◆ WORK REQUEST
Transcribe the stretch of entries below from the line with "ws \<le> objective" through the line with "r \<le> fst", exactly and with both ends included; leave out all other lines.

◆ SUPPLIED RECORDS
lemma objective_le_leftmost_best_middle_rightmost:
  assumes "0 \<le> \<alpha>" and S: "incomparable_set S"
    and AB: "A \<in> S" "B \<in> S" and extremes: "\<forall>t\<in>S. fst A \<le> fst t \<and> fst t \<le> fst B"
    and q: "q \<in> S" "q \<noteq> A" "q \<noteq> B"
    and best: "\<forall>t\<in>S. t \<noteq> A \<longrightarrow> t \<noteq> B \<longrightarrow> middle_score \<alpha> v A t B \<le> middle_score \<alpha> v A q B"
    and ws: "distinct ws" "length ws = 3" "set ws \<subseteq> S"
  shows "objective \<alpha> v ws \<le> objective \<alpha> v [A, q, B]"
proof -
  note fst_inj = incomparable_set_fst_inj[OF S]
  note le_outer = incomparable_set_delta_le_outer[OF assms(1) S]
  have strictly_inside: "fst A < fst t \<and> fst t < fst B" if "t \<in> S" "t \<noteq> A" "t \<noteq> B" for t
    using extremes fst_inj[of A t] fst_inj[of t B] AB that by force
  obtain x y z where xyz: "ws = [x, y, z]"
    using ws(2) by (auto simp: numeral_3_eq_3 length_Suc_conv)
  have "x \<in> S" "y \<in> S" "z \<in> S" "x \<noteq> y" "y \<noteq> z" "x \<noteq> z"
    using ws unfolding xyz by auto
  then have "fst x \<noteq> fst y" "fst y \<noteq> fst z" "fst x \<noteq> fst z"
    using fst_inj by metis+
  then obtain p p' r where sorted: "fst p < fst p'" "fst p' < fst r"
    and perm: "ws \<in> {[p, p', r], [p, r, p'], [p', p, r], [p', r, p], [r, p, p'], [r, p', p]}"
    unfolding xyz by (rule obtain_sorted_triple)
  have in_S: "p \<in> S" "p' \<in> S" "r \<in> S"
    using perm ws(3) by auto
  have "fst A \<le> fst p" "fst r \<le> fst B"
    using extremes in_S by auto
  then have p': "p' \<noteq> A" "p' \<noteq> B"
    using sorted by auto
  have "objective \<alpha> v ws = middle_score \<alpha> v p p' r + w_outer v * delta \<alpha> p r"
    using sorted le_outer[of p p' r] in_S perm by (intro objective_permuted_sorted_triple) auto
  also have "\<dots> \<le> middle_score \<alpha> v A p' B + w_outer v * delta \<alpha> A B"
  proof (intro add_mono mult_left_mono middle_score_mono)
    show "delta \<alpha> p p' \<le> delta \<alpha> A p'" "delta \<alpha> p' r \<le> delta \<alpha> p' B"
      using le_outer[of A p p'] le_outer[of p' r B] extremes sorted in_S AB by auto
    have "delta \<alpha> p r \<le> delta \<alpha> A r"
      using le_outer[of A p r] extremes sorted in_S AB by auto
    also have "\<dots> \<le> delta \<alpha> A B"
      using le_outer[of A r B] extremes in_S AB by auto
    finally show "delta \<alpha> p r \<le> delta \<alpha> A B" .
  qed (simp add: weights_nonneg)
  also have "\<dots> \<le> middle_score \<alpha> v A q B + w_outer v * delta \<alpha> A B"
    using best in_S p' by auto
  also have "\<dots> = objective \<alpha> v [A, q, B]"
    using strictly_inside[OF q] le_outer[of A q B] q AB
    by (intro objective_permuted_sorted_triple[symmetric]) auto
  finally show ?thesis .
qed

◆ RESULT FOR THIS TASK
  shows "objective \<alpha> v ws \<le> objective \<alpha> v [A, q, B]"
proof -
  note fst_inj = incomparable_set_fst_inj[OF S]
  note le_outer = incomparable_set_delta_le_outer[OF assms(1) S]
  have strictly_inside: "fst A < fst t \<and> fst t < fst B" if "t \<in> S" "t \<noteq> A" "t \<noteq> B" for t
    using extremes fst_inj[of A t] fst_inj[of t B] AB that by force
  obtain x y z where xyz: "ws = [x, y, z]"
    using ws(2) by (auto simp: numeral_3_eq_3 length_Suc_conv)
  have "x \<in> S" "y \<in> S" "z \<in> S" "x \<noteq> y" "y \<noteq> z" "x \<noteq> z"
    using ws unfolding xyz by auto
  then have "fst x \<noteq> fst y" "fst y \<noteq> fst z" "fst x \<noteq> fst z"
    using fst_inj by metis+
  then obtain p p' r where sorted: "fst p < fst p'" "fst p' < fst r"
    and perm: "ws \<in> {[p, p', r], [p, r, p'], [p', p, r], [p', r, p], [r, p, p'], [r, p', p]}"
    unfolding xyz by (rule obtain_sorted_triple)
  have in_S: "p \<in> S" "p' \<in> S" "r \<in> S"
    using perm ws(3) by auto
  have "fst A \<le> fst p" "fst r \<le> fst B"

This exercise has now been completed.